lemma module_hom_C: "c \<in> qI N \<Longrightarrow> d \<in> qI N \<Longrightarrow> module_hom sc sc (C n c d)"
proof (induction n arbitrary: c)
  case 0
  then show ?case
    by (simp add: module_hom_iff module_axioms)
next
  case (Suc n)
  interpret module_pair sc sc ..
  show ?case
  proof (cases "n = 0")
    case True
    with Suc.prems show ?thesis
      by (simp add: module_hom_F)
  next
    case False
    have "module_hom sc sc (sc r)" for r
      by (simp add: module_hom_iff module_axioms scale_left_commute scale_right_distrib)
    then have "module_hom sc sc (F c k \<circ> sc (qsign k) \<circ> C n k d)" if "k \<in> qI N" for k
      using that Suc by (intro module_hom_compose[of sc sc _ sc] module_hom_F Suc.IH) auto
    then have "module_hom sc sc (\<lambda>w. \<Sum>k\<in>qI N. F c k (sc (qsign k) (C n k d w)))"
      by (intro module_hom_sum) (auto simp: comp_def module_axioms)
    moreover have "C (Suc n) c d = (\<lambda>w. \<Sum>k\<in>qI N. F c k (sc (qsign k) (C n k d w)))"
      using False by (auto simp: C_Suc)
    ultimately show ?thesis
      by simp
  qed
qed

lemma scale_if_zero: "sc r (if P then y else 0) = (if P then sc r y else 0)"
  by simp

lemma F_add: "i \<in> qI N \<Longrightarrow> j \<in> qI N \<Longrightarrow> F i j (x + y) = F i j x + F i j y"
  using module_hom_F module_hom.add by blast

lemma F_scale: "i \<in> qI N \<Longrightarrow> j \<in> qI N \<Longrightarrow> F i j (sc r x) = sc r (F i j x)"
  using module_hom_F module_hom.scale by blast

lemma F_diff: "i \<in> qI N \<Longrightarrow> j \<in> qI N \<Longrightarrow> F i j (x - y) = F i j x - F i j y"
  using module_hom_F module_hom.diff by blast

lemma F_neg: "i \<in> qI N \<Longrightarrow> j \<in> qI N \<Longrightarrow> F i j (- x) = - F i j x"
  using module_hom_F module_hom.neg by blast

lemma F_sum: "i \<in> qI N \<Longrightarrow> j \<in> qI N \<Longrightarrow> F i j (sum g A) = (\<Sum>a\<in>A. F i j (g a))"
  using module_hom_F module_hom.sum by blast

lemma F_zero: "i \<in> qI N \<Longrightarrow> j \<in> qI N \<Longrightarrow> F i j 0 = 0"
  using module_hom_F module_hom.zero by blast

lemma C_scale: "c \<in> qI N \<Longrightarrow> d \<in> qI N \<Longrightarrow> C n c d (sc r x) = sc r (C n c d x)"
  using module_hom_C module_hom.scale by blast

lemma C_zero: "c \<in> qI N \<Longrightarrow> d \<in> qI N \<Longrightarrow> C n c d 0 = 0"
  using module_hom_C module_hom.zero by blast

lemma F_supercomm_sum:
  assumes a: "a \<in> qI N" and b: "b \<in> qI N" and c: "c \<in> qI N"
  shows "(\<Sum>k\<in>qI N. F a b (F c k (x k))) =
      (\<Sum>k\<in>qI N. sc (qsgn a b c k) (F c k (F a b (x k))))
      + (if c = b then \<Sum>k\<in>qI N. F a k (x k) else 0)
      - sc (qsgn a b c a) (F c b (x a))
      + (if c = - b then \<Sum>k\<in>qI N. F (- a) k (x k) else 0)
      - sc (qsgn a b c (- a)) (F c (- b) (x (- a)))"
proof -
  have "F a b (F c k (x k)) = sc (qsgn a b c k) (F c k (F a b (x k)))
      + ((if c = b then F a k (x k) else 0)
      - sc (qsgn a b c k) (if a = k then F c b (x k) else 0)
      + (if c = - b then F (- a) k (x k) else 0)
      - sc (qsgn a b c k) (if - a = k then F c (- b) (x k) else 0))"
    if "k \<in> qI N" for k
    using F_supercomm[OF a b c that, of "x k"] by (metis add.commute diff_eq_eq)
  then show ?thesis
    using a b by (simp add: scale_if_zero sum.distrib sum_subtractf cong: sum.cong)
qed

lemma F_C_supercomm:
  assumes n: "n \<ge> 1" and a: "a \<in> qI N" and b: "b \<in> qI N" and c: "c \<in> qI N" and d: "d \<in> qI N"
  shows "F a b (C n c d w) - sc (qsgn a b c d) (C n c d (F a b w)) =
          (if c = b then C n a d w else 0)
          - sc (qsgn a b c d) (if a = d then C n c b w else 0)
          + (if c = - b then C n (- a) d w else 0)
          - sc (qsgn a b c d) (if - a = d then C n c (- b) w else 0)"
  using n c
proof (induction n arbitrary: c rule: dec_induct)
  case base
  then show ?case
    using F_supercomm[OF a b _ d] by simp
next
  case (step n c)
  let ?s = "qsgn a b c d"
  define T where "T k x = sc (qsgn a b c k * qsign k) (F c k x)" for k x
  define R where "R k = (if k = b then C n a d w else 0)
      - sc (qsgn a b k d) (if a = d then C n k b w else 0)
      + (if k = - b then C n (- a) d w else 0)
      - sc (qsgn a b k d) (if - a = d then C n k (- b) w else 0)" for k
  have C_Suc_n: "C (Suc n) p q x = (\<Sum>k\<in>qI N. F p k (sc (qsign k) (C n k q x)))" for p q x
    using C_Suc[OF step.hyps(1)] .
  have T_add: "T k (x + y) = T k x + T k y" and T_diff: "T k (x - y) = T k x - T k y"
    and T_if: "T k (if P then x else 0) = (if P then T k x else 0)" if "k \<in> qI N" for k x y P
    using that step.prems by (simp_all add: T_def F_add F_diff F_zero scale_right_distrib
        scale_right_diff_distrib)
  have T_qsgn: "T k (sc (qsgn a b k d) x) = sc ?s (F c k (sc (qsign k) x))" if "k \<in> qI N" for k x
    using that step.prems by (simp add: T_def F_scale qsgn_mult[of a b c k d, symmetric] mult_ac)
  have IH: "F a b (C n k d w) = sc (qsgn a b k d) (C n k d (F a b w)) + R k" if "k \<in> qI N" for k
    using step.IH[OF that] unfolding R_def by (simp add: algebra_simps)
  have "F a b (C (Suc n) c d w) = (\<Sum>k\<in>qI N. T k (F a b (C n k d w)))
      + (if c = b then C (Suc n) a d w else 0) - T b (C n a d w)
      + (if c = - b then C (Suc n) (- a) d w else 0) - T (- b) (C n (- a) d w)"
    using F_supercomm_sum[OF a b step.prems, of "\<lambda>k. sc (qsign k) (C n k d w)"] a b step.prems
      qsgn_qsign_swap[of a b c] qsgn_qsign_swap_uminus[of a b c] qI_nonzero[OF a] qI_nonzero[OF b]
    by (simp add: C_Suc_n F_sum F_scale T_def)
  also have "(\<Sum>k\<in>qI N. T k (F a b (C n k d w))) =
      sc ?s (C (Suc n) c d (F a b w)) + (\<Sum>k\<in>qI N. T k (R k))"
    by (simp add: IH T_add T_qsgn sum.distrib C_Suc_n scale_sum_right cong: sum.cong)
  also have "(\<Sum>k\<in>qI N. T k (R k)) = T b (C n a d w)
      - (if a = d then sc ?s (C (Suc n) c b w) else 0)
      + T (- b) (C n (- a) d w)
      - (if - a = d then sc ?s (C (Suc n) c (- b) w) else 0)"
    using b step.prems
    by (simp add: R_def T_add T_diff T_if T_qsgn F_zero sum.distrib sum_subtractf C_Suc_n
        scale_sum_right cong: sum.cong)
  finally have "F a b (C (Suc n) c d w) = sc ?s (C (Suc n) c d (F a b w))
      + ((if c = b then C (Suc n) a d w else 0)
      - (if a = d then sc ?s (C (Suc n) c b w) else 0)
      + (if c = - b then C (Suc n) (- a) d w else 0)
      - (if - a = d then sc ?s (C (Suc n) c (- b) w) else 0))"
    by (simp add: algebra_simps)
  then show ?case
    by (simp add: scale_if_zero algebra_simps)
qed

lemma C_uminus:
  assumes n: "n \<ge> 1" and c: "c \<in> qI N" and d: "d \<in> qI N"
  shows "C n (- c) (- d) w = sc ((-1) ^ (n - 1)) (C n c d w)"
  using n c
proof (induction n arbitrary: c rule: dec_induct)
  case base
  then show ?case
    using F_uminus[OF base d] by simp
next
  case (step n c)
  have sign: "(-1::complex) ^ n = - ((-1) ^ (n - 1))"
    using step.hyps(1) by (cases n) auto
  have "C (Suc n) (- c) (- d) w
      = (\<Sum>k\<in>qI N. F (- c) (- k) (sc (qsign (- k)) (C n (- k) (- d) w)))"
    unfolding C_Suc[OF step.hyps(1)] by (rule sum_qI_uminus)
  also have "\<dots> = (\<Sum>k\<in>qI N. sc ((-1) ^ (Suc n - 1)) (F c k (sc (qsign k) (C n k d w))))"
    using step.prems step.IH F_uminus qsign_uminus qI_nonzero
    by (intro sum.cong) (simp_all add: sign F_scale F_neg)
  finally show ?case
    by (simp add: C_Suc[OF step.hyps(1)] scale_sum_right)
qed

lemma F_uminus_diag_sq:
  assumes i: "i \<in> qI N"
  shows "F (- i) i (F (- i) i w) = F i i w"
proof -
  have "qsgn (- i) i (- i) i = -1" and "- i \<noteq> i"
    using qI_nonzero[OF i] unfolding qsgn_def qpar_def by auto
  then have "F (- i) i (F (- i) i w) + F (- i) i (F (- i) i w) = F i i w + F i i w"
    using F_supercomm[of "- i" i "- i" i w] F_uminus[of i i] i by simp
  then have "sc 2 (F (- i) i (F (- i) i w)) = sc 2 (F i i w)"
    by (metis one_add_one scale_left_distrib scale_one)
  then show ?thesis
    by simp
qed

end

locale q_hw_module = q_module +
  fixes v and lam :: "int \<Rightarrow> complex"
  assumes F_hw: "\<lbrakk>a \<in> qI N; b \<in> qI N; \<bar>a\<bar> < \<bar>b\<bar>\<rbrakk> \<Longrightarrow> F a b v = 0"
    and F_weight: "a \<in> {1..int N} \<Longrightarrow> F a a v = sc (lam a) v"
begin

lemma F_C_hw:
  assumes n: "n \<ge> 1" and a: "a \<in> qI N" and b: "b \<in> qI N" and d: "d \<in> qI N"
    and ab: "\<bar>a\<bar> < \<bar>b\<bar>"
  shows "F a b (C n b d v) = C n a d v
      - sc (qsgn a b b d) (if a = d then C n b b v else 0)
      - sc (qsgn a b b d) (if - a = d then C n b (- b) v else 0)"
  using F_C_supercomm[OF n a b b d, of v] F_hw[OF a b ab] qI_nonzero[OF b] C_zero[OF b d] by simp

lemma C_hw_eq_0:
  assumes n: "n \<ge> 1"
  shows "k \<in> qI N \<Longrightarrow> l \<in> qI N \<Longrightarrow> \<bar>k\<bar> < \<bar>l\<bar> \<Longrightarrow> C n k l v = 0"
  using n
proof (induction n arbitrary: k l rule: dec_induct)
  case base
  then show ?case
    using F_hw by simp
next
  case (step n k l)
  have "F k m (sc (qsign m) (C n m l v)) = 0" if m: "m \<in> qI N" for m
  proof (cases "\<bar>m\<bar> < \<bar>l\<bar>")
    case True
    then show ?thesis
      using step.IH[OF m step.prems(2)] step.prems m by (simp add: F_zero C_zero)
  next
    case False
    then have "F k m (C n m l v) = C n k l v"
      using F_C_hw[OF step.hyps(1) step.prems(1) m step.prems(2)] step.prems by auto
    then show ?thesis
      using step.IH[OF step.prems] step.prems m by (simp add: F_scale)
  qed
  then show ?case
    by (simp add: C_Suc[OF step.hyps(1)])
qed

lemma F_C_weight:
  assumes n: "n \<ge> 1" and i: "i \<in> {1..int N}" and c: "c = i \<or> c = - i"
  shows "F i i (C n c i v) = sc (lam i) (C n c i v)"
proof -
  have "i \<in> qI N" "c \<in> qI N" "i \<noteq> - i" "qsgn i i c i = 1"
    using i c unfolding qI_def qsgn_def qpar_def by auto
  then show ?thesis
    using F_C_supercomm[of n i i c i v] n c F_weight[OF i] by (auto simp: C_scale)
qed

lemma C_Suc_hw_split:
  assumes n: "n \<ge> 1" and i: "i \<in> {1..int N}" and c: "c \<in> qI N"
  shows "C (Suc n) c i v = F c i (C n i i v) - F c (- i) (C n (- i) i v)
      + (\<Sum>j\<in>{i+1..int N}. F c j (C n j i v) - F c (- j) (C n (- j) i v))"
proof -
  have qsign_pos: "qsign j = 1" and qsign_neg: "qsign (- j) = -1" if "j \<ge> 1" for j
    using that unfolding qpar_def by auto
  have "i \<in> qI N"
    using i unfolding qI_def by auto
  then have "C (Suc n) c i v = F c i (sc (qsign i) (C n i i v))
      + F c (- i) (sc (qsign (- i)) (C n (- i) i v))
      + (\<Sum>j\<in>{i+1..int N}. F c j (sc (qsign j) (C n j i v))
          + F c (- j) (sc (qsign (- j)) (C n (- j) i v)))"
    unfolding C_Suc[OF n] using C_hw_eq_0[OF n] c by (intro sum_qI_from[OF i]) (simp add: F_zero)
  also have "\<dots> = F c i (C n i i v) - F c (- i) (C n (- i) i v)
      + (\<Sum>j\<in>{i+1..int N}. F c j (C n j i v) - F c (- j) (C n (- j) i v))"
    using i c by (auto simp: qsign_pos qsign_neg F_neg qI_def intro!: sum.cong)
  finally show ?thesis .
qed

┄┄┄┄┄┄┄┄┄┄

Directions for this task — Return exactly the lines above from the line that has "by (simp add: module_hom_iff module_axioms scale_left_commute" through the line that has "sc sc (\<lambda>w.", inclusive, and nothing else.

The answer —
      by (simp add: module_hom_iff module_axioms scale_left_commute scale_right_distrib)
    then have "module_hom sc sc (F c k \<circ> sc (qsign k) \<circ> C n k d)" if "k \<in> qI N" for k
      using that Suc by (intro module_hom_compose[of sc sc _ sc] module_hom_F Suc.IH) auto
    then have "module_hom sc sc (\<lambda>w. \<Sum>k\<in>qI N. F c k (sc (qsign k) (C n k d w)))"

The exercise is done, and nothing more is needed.